I decided I could probably improve the car I had done a while ago that looked like this:
Part of the reason I decided to do it is the piece came out when I was removing the window glass (since I'll eventually have to paint these). The I had damaged the upper drip rail and the key joint that needed work is the one on the left, next to the other window. I concluded the best solution was to square up the left side and remove the drip rail entirely since I can replace it with strip styrene.
I test fit while working to ensure that my filing work was sufficiently square.

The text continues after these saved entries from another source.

(* Let $\Gamma=(V,E)$ be a reflexive finite $k$-separable graph such that $\Gamma^-$ is not $k$-faithful. Then: (i) the intersection of two distinct $k$-super-fragments of $\Gamma$ has cardinality less than $k$; (ii) moreover, if $k\ge 2$ and $\kappa_k(\Gamma)=\kappa_{k-1}(\Gamma)$, then the intersection of two distinct $k$-super-fragments of $\Gamma$ has cardinality less than $k-1$.
   Context: A graph is a pair $\Gamma=(V,E)$ with $E\subseteq V\times V$; finite means $V$ finite; reflexive means $(x,x)\in E$ for all $x$. $\Gamma(x)=\{y:(x,y)\in E\}$, $\Gamma(X)=\bigcup_{x\in X}\Gamma(x)$; the reverse graph is $\Gamma^-=(V,E^-)$, $E^-=\{(x,y):(y,x)\in E\}$. $\partial(X)=\Gamma(X)\setminus X$, $\nabla(X)=V\setminus\Gamma(X)$. $\Gamma$ is $k$-separable if there is a finite $X$ with $|X|\ge k$, $|\nabla(X)|\ge k$; then $\kappa_k(\Gamma)=\min\{|\partial(X)|: |X|\ge k,|\nabla(X)|\ge k\}$. A $k$-fragment is a set $X$ with $|X|\ge k$, $|\nabla(X)|\ge k$, $|\partial(X)|=\kappa_k(\Gamma)$; a $k$-atom is a $k$-fragment of minimum cardinality; a $k$-super-fragment is a $k$-fragment of maximum cardinality. A graph is $k$-faithful if $|A|\le|\nabla(A)|$ for a $k$-atom $A$ (all $k$-atoms have the same cardinality); the same notions for $\Gamma^-$ use $\Gamma^-$ in place of $\Gamma$. *)

theory Defs
  imports Main
begin

text \<open>A graph is a pair (V,E) with E a subset of V \<times> V. The reverse graph uses converse E.\<close>

definition nbr :: "('a \<times> 'a) set \<Rightarrow> 'a set \<Rightarrow> 'a set" where
  "nbr E X = {y. \<exists>x\<in>X. (x, y) \<in> E}"

definition bdry :: "('a \<times> 'a) set \<Rightarrow> 'a set \<Rightarrow> 'a set" where
  "bdry E X = nbr E X - X"

definition nabla :: "'a set \<Rightarrow> ('a \<times> 'a) set \<Rightarrow> 'a set \<Rightarrow> 'a set" where
  "nabla V E X = V - nbr E X"

definition admissible :: "'a set \<Rightarrow> ('a \<times> 'a) set \<Rightarrow> nat \<Rightarrow> 'a set \<Rightarrow> bool" where
  "admissible V E k X \<longleftrightarrow> X \<subseteq> V \<and> finite X \<and> k \<le> card X \<and> k \<le> card (nabla V E X)"

definition separable :: "'a set \<Rightarrow> ('a \<times> 'a) set \<Rightarrow> nat \<Rightarrow> bool" where
  "separable V E k \<longleftrightarrow> (\<exists>X. admissible V E k X)"

definition kappa :: "'a set \<Rightarrow> ('a \<times> 'a) set \<Rightarrow> nat \<Rightarrow> nat" where
  "kappa V E k = Inf {card (bdry E X) | X. admissible V E k X}"

definition fragment :: "'a set \<Rightarrow> ('a \<times> 'a) set \<Rightarrow> nat \<Rightarrow> 'a set \<Rightarrow> bool" where
  "fragment V E k X \<longleftrightarrow> admissible V E k X \<and> card (bdry E X) = kappa V E k"

definition atom :: "'a set \<Rightarrow> ('a \<times> 'a) set \<Rightarrow> nat \<Rightarrow> 'a set \<Rightarrow> bool" where
  "atom V E k X \<longleftrightarrow> fragment V E k X \<and> (\<forall>Y. fragment V E k Y \<longrightarrow> card X \<le> card Y)"

definition super_fragment :: "'a set \<Rightarrow> ('a \<times> 'a) set \<Rightarrow> nat \<Rightarrow> 'a set \<Rightarrow> bool" where
  "super_fragment V E k X \<longleftrightarrow> fragment V E k X \<and> (\<forall>Y. fragment V E k Y \<longrightarrow> card Y \<le> card X)"

definition faithful :: "'a set \<Rightarrow> ('a \<times> 'a) set \<Rightarrow> nat \<Rightarrow> bool" where
  "faithful V E k \<longleftrightarrow> (\<forall>A. atom V E k A \<longrightarrow> card A \<le> card (nabla V E A))"

end

theory Submission
  imports Defs
begin

text \<open>
  Passing from X to \<nabla>(X) in the reverse graph \<Gamma>' does not increase the boundary, so \<Gamma> and
  \<Gamma>' have the same k-connectivity and \<nabla> maps k-fragments of \<Gamma> to k-fragments of \<Gamma>'.
  Comparing a fragment X of \<Gamma> with an atom A of \<Gamma>' witnessing non-faithfulness through
  |V| = |X| + \<kappa> + |\<nabla>(X)| = |A| + \<kappa> + |\<nabla>'(A)| shows |X| < |\<nabla>(X)| for every k-fragment.
  If two distinct super-fragments X, Y met in at least j vertices, where \<kappa>_j = \<kappa>_k and
  j \<in> {k - 1, k}, then X \<inter> Y would be j-admissible, and submodularity of |\<partial>| would make
  X \<union> Y a k-fragment, the inequality |X| < |\<nabla>(X)| guaranteeing |\<nabla>(X \<union> Y)| \<ge> k.
  But X \<union> Y is strictly larger than X.
\<close>

locale reflexive_graph =
  fixes V :: "'a set" and E :: "('a \<times> 'a) set"
  assumes finite_V: "finite V"
    and edges_subset: "E \<subseteq> V \<times> V"
    and reflexive: "\<forall>x\<in>V. (x, x) \<in> E"
begin

lemma nbr_subset: "nbr E Z \<subseteq> V"
  using edges_subset by (auto simp: nbr_def)

lemma subset_nbr: "Z \<subseteq> V \<Longrightarrow> Z \<subseteq> nbr E Z"
  using reflexive by (auto simp: nbr_def)

lemma finite_nbr: "finite (nbr E Z)"
  using finite_subset[OF nbr_subset finite_V] .

lemma card_nbr_eq: "Z \<subseteq> V \<Longrightarrow> card (nbr E Z) = card Z + card (bdry E Z)"
proof -
  assume "Z \<subseteq> V"
  then have "Z \<subseteq> nbr E Z" by (rule subset_nbr)
  then show ?thesis
    using card_Diff_subset[OF _ \<open>Z \<subseteq> nbr E Z\<close>] card_mono[OF finite_nbr]
      finite_subset[OF _ finite_nbr]
    by (simp add: bdry_def)
qed

lemma card_V_eq: "card V = card (nbr E Z) + card (nabla V E Z)"
  using card_Diff_subset[OF finite_nbr nbr_subset] card_mono[OF finite_V nbr_subset]
  by (simp add: nabla_def)

lemma card_partition: "Z \<subseteq> V \<Longrightarrow> card Z + card (bdry E Z) + card (nabla V E Z) = card V"
  using card_nbr_eq card_V_eq by metis

lemma card_bdry_submodular:
  assumes "X \<subseteq> V" "Y \<subseteq> V"
  shows "card (bdry E (X \<union> Y)) + card (bdry E (X \<inter> Y)) \<le> card (bdry E X) + card (bdry E Y)"
proof -
  have "nbr E (X \<union> Y) = nbr E X \<union> nbr E Y" by (auto simp: nbr_def)
  moreover have "nbr E (X \<inter> Y) \<subseteq> nbr E X \<inter> nbr E Y" by (auto simp: nbr_def)
  then have "card (nbr E (X \<inter> Y)) \<le> card (nbr E X \<inter> nbr E Y)"
    by (simp add: card_mono finite_nbr)
  ultimately have "card (nbr E (X \<union> Y)) + card (nbr E (X \<inter> Y)) \<le> card (nbr E X) + card (nbr E Y)"
    using card_Un_Int[OF finite_nbr finite_nbr] by simp
  moreover have "card (X \<union> Y) + card (X \<inter> Y) = card X + card Y"
    using assms finite_V by (metis card_Un_Int finite_subset)
  moreover have "X \<union> Y \<subseteq> V" "X \<inter> Y \<subseteq> V" using assms by auto
  ultimately show ?thesis
    using card_nbr_eq[OF assms(1)] card_nbr_eq[OF assms(2)]
      card_nbr_eq[of "X \<union> Y"] card_nbr_eq[of "X \<inter> Y"]
    by simp
qed

lemma nabla_antimono: "X \<subseteq> Y \<Longrightarrow> nabla V E Y \<subseteq> nabla V E X"
  by (auto simp: nabla_def nbr_def)

lemma admissible_Int:
  assumes "admissible V E k X" "j \<le> k" "j \<le> card (X \<inter> Y)"
  shows "admissible V E j (X \<inter> Y)"
proof -
  have "card (nabla V E X) \<le> card (nabla V E (X \<inter> Y))"
    using nabla_antimono[of "X \<inter> Y" X] finite_V by (intro card_mono) (auto simp: nabla_def)
  then show ?thesis using assms by (auto simp: admissible_def)
qed

lemma kappa_le: "admissible V E k X \<Longrightarrow> kappa V E k \<le> card (bdry E X)"
  unfolding kappa_def by (rule cInf_lower) auto

lemma fragment_exists: "separable V E k \<Longrightarrow> \<exists>X. fragment V E k X"
proof -
  assume "separable V E k"
  then have "{card (bdry E X) | X. admissible V E k X} \<noteq> {}" by (auto simp: separable_def)
  from Inf_nat_def1[OF this] show ?thesis by (auto simp: kappa_def fragment_def)
qed

lemma reflexive_graph_converse: "reflexive_graph V (converse E)"
  using finite_V edges_subset reflexive by unfold_locales auto

lemma nabla_admissible_converse:
  assumes "admissible V E k X"
  shows "admissible V (converse E) k (nabla V E X)"
proof -
  have "X \<subseteq> nabla V (converse E) (nabla V E X)"
    using assms by (auto simp: admissible_def nbr_def nabla_def)
  then have "card X \<le> card (nabla V (converse E) (nabla V E X))"
    by (rule card_mono[rotated]) (simp add: nabla_def finite_V)
  then show ?thesis using assms finite_V by (auto simp: admissible_def nabla_def)
qed

text \<open>The reverse-graph neighbourhood of \<nabla>(X) avoids X, while |\<nabla>(X)| = |V| - |\<Gamma>(X)|.\<close>

lemma card_bdry_converse_nabla_le:
  assumes "X \<subseteq> V"
  shows "card (bdry (converse E) (nabla V E X)) \<le> card (bdry E X)"
proof -
  interpret rev: reflexive_graph V "converse E" by (rule reflexive_graph_converse)
  have "nbr (converse E) (nabla V E X) \<subseteq> V - X"
    using edges_subset by (auto simp: nbr_def nabla_def)
  then have "card (nbr (converse E) (nabla V E X)) \<le> card V - card X"
    using assms finite_V by (metis card_Diff_subset card_mono finite_Diff finite_subset)
  then show ?thesis
    using assms card_partition[of X] rev.card_nbr_eq[of "nabla V E X"]
    by (simp add: nabla_def)
qed

lemma separable_converse: "separable V E k \<Longrightarrow> separable V (converse E) k"
  using nabla_admissible_converse by (auto simp: separable_def)

lemma kappa_converse_le: "separable V E k \<Longrightarrow> kappa V (converse E) k \<le> kappa V E k"
proof -
  assume "separable V E k"
  then obtain X where X: "fragment V E k X" using fragment_exists by blast
  then have "admissible V E k X" "X \<subseteq> V" by (auto simp: fragment_def admissible_def)
  then have "kappa V (converse E) k \<le> card (bdry E X)"
    using reflexive_graph.kappa_le[OF reflexive_graph_converse nabla_admissible_converse]
      card_bdry_converse_nabla_le le_trans
    by blast
  then show ?thesis using X by (simp add: fragment_def)
qed

lemma kappa_converse:
  assumes "separable V E k"
  shows "kappa V (converse E) k = kappa V E k"
proof -
  have "kappa V (converse (converse E)) k \<le> kappa V (converse E) k"
    using reflexive_graph.kappa_converse_le[OF reflexive_graph_converse separable_converse[OF assms]] .
  then show ?thesis using kappa_converse_le[OF assms] by simp
qed

lemma fragment_nabla_converse:
  assumes "fragment V E k X"
  shows "fragment V (converse E) k (nabla V E X)"
proof -
  have X: "admissible V E k X" "X \<subseteq> V" using assms by (auto simp: fragment_def admissible_def)
  then have "kappa V (converse E) k = kappa V E k"
    using kappa_converse by (auto simp: separable_def)
  moreover have "kappa V (converse E) k \<le> card (bdry (converse E) (nabla V E X))"
    using reflexive_graph.kappa_le[OF reflexive_graph_converse nabla_admissible_converse[OF X(1)]] .
  ultimately show ?thesis
    using assms card_bdry_converse_nabla_le[OF X(2)] nabla_admissible_converse[OF X(1)]
    by (simp add: fragment_def)
qed

lemma fragment_card_less_nabla:
  assumes "\<not> faithful V (converse E) k" and X: "fragment V E k X"
  shows "card X < card (nabla V E X)"
proof -
  interpret rev: reflexive_graph V "converse E" by (rule reflexive_graph_converse)
  obtain A where A: "atom V (converse E) k A" "card (nabla V (converse E) A) < card A"
    using assms(1) unfolding faithful_def by force
  have "card A \<le> card (nabla V E X)"
    using A(1) fragment_nabla_converse[OF X] by (simp add: atom_def)
  moreover have "separable V E k" using X by (auto simp: fragment_def separable_def)
  then have "card (bdry (converse E) A) = card (bdry E X)"
    using A(1) X kappa_converse by (simp add: atom_def fragment_def)
  moreover have "X \<subseteq> V" "A \<subseteq> V"
    using A(1) X by (auto simp: atom_def fragment_def admissible_def)
  ultimately show ?thesis
    using A(2) card_partition[of X] rev.card_partition[of A] by linarith
qed

lemma super_fragments_card_Int_less:
  assumes "j \<le> k" "k \<le> j + 1" "kappa V E j = kappa V E k"
    and X: "super_fragment V E k X" and Y: "super_fragment V E k Y" and "X \<noteq> Y"
    and small: "card X < card (nabla V E X)"
  shows "card (X \<inter> Y) < j"
proof (rule ccontr)
  assume "\<not> card (X \<inter> Y) < j"
  then have big: "j \<le> card (X \<inter> Y)" by simp
  have fX: "fragment V E k X" and fY: "fragment V E k Y"
    using X Y by (auto simp: super_fragment_def)
  then have aX: "admissible V E k X" and bX: "card (bdry E X) = kappa V E k"
    and bY: "card (bdry E Y) = kappa V E k"
    by (auto simp: fragment_def)
  have XV: "X \<subseteq> V" "finite X" and YV: "Y \<subseteq> V" "finite Y"
    using fX fY by (auto simp: fragment_def admissible_def)
  have UV: "X \<union> Y \<subseteq> V" using XV YV by simp
  have same_card: "card X = card Y"
    using X Y fX fY unfolding super_fragment_def by (meson le_antisym)
  then have "\<not> Y \<subseteq> X" using \<open>X \<noteq> Y\<close> card_subset_eq[OF XV(2), of Y] by auto
  then have larger: "card X < card (X \<union> Y)"
    using XV YV by (intro psubset_card_mono) auto
  have "kappa V E k \<le> card (bdry E (X \<inter> Y))"
    using kappa_le[OF admissible_Int[OF aX assms(1) big]] assms(3) by simp
  then have bU: "card (bdry E (X \<union> Y)) \<le> kappa V E k"
    using card_bdry_submodular[OF XV(1) YV(1)] bX bY by linarith
  have "card (X \<union> Y) + card (X \<inter> Y) = card X + card Y"
    using card_Un_Int[OF XV(2) YV(2)] by simp
  then have "k \<le> card (nabla V E (X \<union> Y))"
    using card_partition[OF XV(1)] card_partition[OF UV] bX bU small same_card big assms(2)
    by linarith
  then have "admissible V E k (X \<union> Y)"
    using aX UV larger finite_subset[OF UV finite_V] by (simp add: admissible_def)
  then have "fragment V E k (X \<union> Y)"
    using bU kappa_le[of k "X \<union> Y"] by (simp add: fragment_def)
  then have "card (X \<union> Y) \<le> card X" using X by (simp add: super_fragment_def)
  then show False using larger by simp
qed

end

theorem theorem4p3:
  fixes V :: "'a set" and E :: "('a \<times> 'a) set" and k :: nat
  assumes "finite V"
    and "E \<subseteq> V \<times> V"
    and "\<forall>x\<in>V. (x, x) \<in> E"
    and "separable V E k"
    and "\<not> faithful V (converse E) k"
  shows "(\<forall>X Y. super_fragment V E k X \<and> super_fragment V E k Y \<and> X \<noteq> Y
              \<longrightarrow> card (X \<inter> Y) < k)
       \<and> (k \<ge> 2 \<and> kappa V E k = kappa V E (k - 1) \<longrightarrow>
           (\<forall>X Y. super_fragment V E k X \<and> super_fragment V E k Y \<and> X \<noteq> Y
              \<longrightarrow> card (X \<inter> Y) < k - 1))"
proof -
  interpret reflexive_graph V E using assms(1-3) by unfold_locales
  have small: "card X < card (nabla V E X)" if "super_fragment V E k X" for X
    using fragment_card_less_nabla[OF assms(5)] that by (simp add: super_fragment_def)
  show ?thesis
  proof (intro conjI allI impI; elim conjE)
    fix X Y assume X: "super_fragment V E k X" and "super_fragment V E k Y" "X \<noteq> Y"
    then show "card (X \<inter> Y) < k"
      using super_fragments_card_Int_less[of k k, OF _ _ _ X _ _ small[OF X]] by simp
  next
    fix X Y assume X: "super_fragment V E k X" and "super_fragment V E k Y" "X \<noteq> Y"
      and "2 \<le> k" "kappa V E k = kappa V E (k - 1)"
    then show "card (X \<inter> Y) < k - 1"
      using super_fragments_card_Int_less[of "k - 1" k, OF _ _ _ X _ _ small[OF X]] by simp
  qed
qed

end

The new windows should be flush with the back of the side, but there are mounting pins at either end (I had already "removed" the ones in the middle). So I used a piece of Masonite between the pins as a workspace and glued the windows along the bottom and left side. As I applied the liquid styrene cement I pressed the windows toward the left to make that joint as invisible as possible.
Next was to replace the missing drip rail. A piece of .030" material fit, but was too tall for the drip rail.
I tried a scale 2" x 6" for the drip rail and 1" x "4 for a filler piece, but it was still a little tall.
So I split the difference with .015" x .060" for the drip rail and .015" x .040" for the filler. It's important to have a good supply of strip styrene for projects like this. I make a point of always purchasing something when I go to a hobby store, and styrene is always a good choice if they don't have anything else I need.
Here it is glued in place.
All that was left was to fill the small space to the right. I had filed this square as well so it would easily take strip styrene. As it turned out it was a bit wider than .030" and narrower than .040". While I could have filed that a little thinner, I went with a piece of .020" and .015" and that made a nice, tight fit.
Looks much better, and didn't take me very long at all.